Thanks, Google Images
For the past two years, I’ve watched from afar a wonderful scene develop in Sacramento. Led by bloggers and fans, “Here We Stay” is an evolving movement, currently Sacramento’s plea to the Maloof family to keep the Kings in Sacramento, despite George Maloof’s seemingly imminent intent to gut Sacramento, move the team to Anaheim, and potentially turn a profit in a market with two other NBA franchises.
The contingency is staggering. James Ham and Blake Ellington co-produced a documentary, Small Market, Big Heart. The “Here We Stay” Facebook page has nearly 5,000 Likes, the Twitter page well over 2,000 followers. The group organized sellout crowds and arena-wide chants. A beautiful movement cropped up, out of the very notion that a city cared about its team and didn’t want to see it leave for purely financial reasons. The unique connection between team and city is normally a difficult one to sever, and Kings fans have no interest in taking it lightly.

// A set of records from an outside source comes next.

lemma ratio_min_max_tendsto:
  obtains \<gamma> where "0 < \<gamma>" "ratio_min i \<longlonglongrightarrow> \<gamma>" "ratio_max i \<longlonglongrightarrow> \<gamma>"
proof -
  obtain k \<epsilon> where \<epsilon>: "0 < \<epsilon>" and pos: "0 < ratio_min i k"
    and contract: "\<And>t. ratio_max i (k + t) - ratio_min i (k + t) \<le> (1 - \<epsilon>) * (ratio_max i t - ratio_min i t)"
    using oscillation_contracts by metis
  have inc: "incseq (ratio_min i)"
    by (rule incseq_SucI) (metis ratio_min_add_ge plus_1_eq_Suc)
  have dec: "decseq (ratio_max i)"
    by (rule decseq_SucI) (metis ratio_max_add_le plus_1_eq_Suc)
  have min_le_max: "ratio_min i t \<le> ratio_max i s" for t s
  proof -
    have "ratio_min i t \<le> ratio_min i (max t s)" using inc by (simp add: incseq_def)
    also have "\<dots> \<le> ratio_max i (max t s)" by (meson ratio_min_le ratio_le_max order_trans)
    also have "\<dots> \<le> ratio_max i s" using dec by (simp add: decseq_def)
    finally show ?thesis .
  qed
  define A where "A = (SUP t. ratio_min i t)"
  define B where "B = (INF t. ratio_max i t)"
  have A: "ratio_min i \<longlonglongrightarrow> A"
    unfolding A_def using min_le_max by (intro LIMSEQ_incseq_SUP inc bdd_aboveI2) auto
  have B: "ratio_max i \<longlonglongrightarrow> B"
    unfolding B_def using min_le_max by (intro LIMSEQ_decseq_INF dec bdd_belowI2) auto
  have "A \<le> B" using min_le_max by (intro LIMSEQ_le[OF A B]) auto
  have osc: "(\<lambda>t. ratio_max i t - ratio_min i t) \<longlonglongrightarrow> B - A"
    using A B by (intro tendsto_diff)
  have "B - A \<le> (1 - \<epsilon>) * (B - A)"
  proof (rule LIMSEQ_le)
    show "(\<lambda>t. ratio_max i (t + k) - ratio_min i (t + k)) \<longlonglongrightarrow> B - A"
      using LIMSEQ_ignore_initial_segment[OF osc] .
    show "(\<lambda>t. (1 - \<epsilon>) * (ratio_max i t - ratio_min i t)) \<longlonglongrightarrow> (1 - \<epsilon>) * (B - A)"
      using osc by (intro tendsto_mult_left)
  qed (use contract in \<open>auto simp: add.commute\<close>)
  with \<open>A \<le> B\<close> \<epsilon> have "A = B" by (simp add: algebra_simps mult_le_0_iff)
  moreover have "0 < A" using pos incseq_le[OF inc A, of k] by simp
  ultimately show ?thesis using that A B by blast
qed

To give you an idea of how much they care, I sent Kings bloggers Akis Yerocostas and James Ham an e-mail asking for some quick background info on the Here We Stay movement. Akis immediately sent me over 1,000 words and about 30 links to words, video, pictures, and stories, and James offered to give me a first-hand account and show me the documentary as soon as they finished production. They’ve built a movement that’s made a difference, counter to the actions of NBA ownership. And it matters.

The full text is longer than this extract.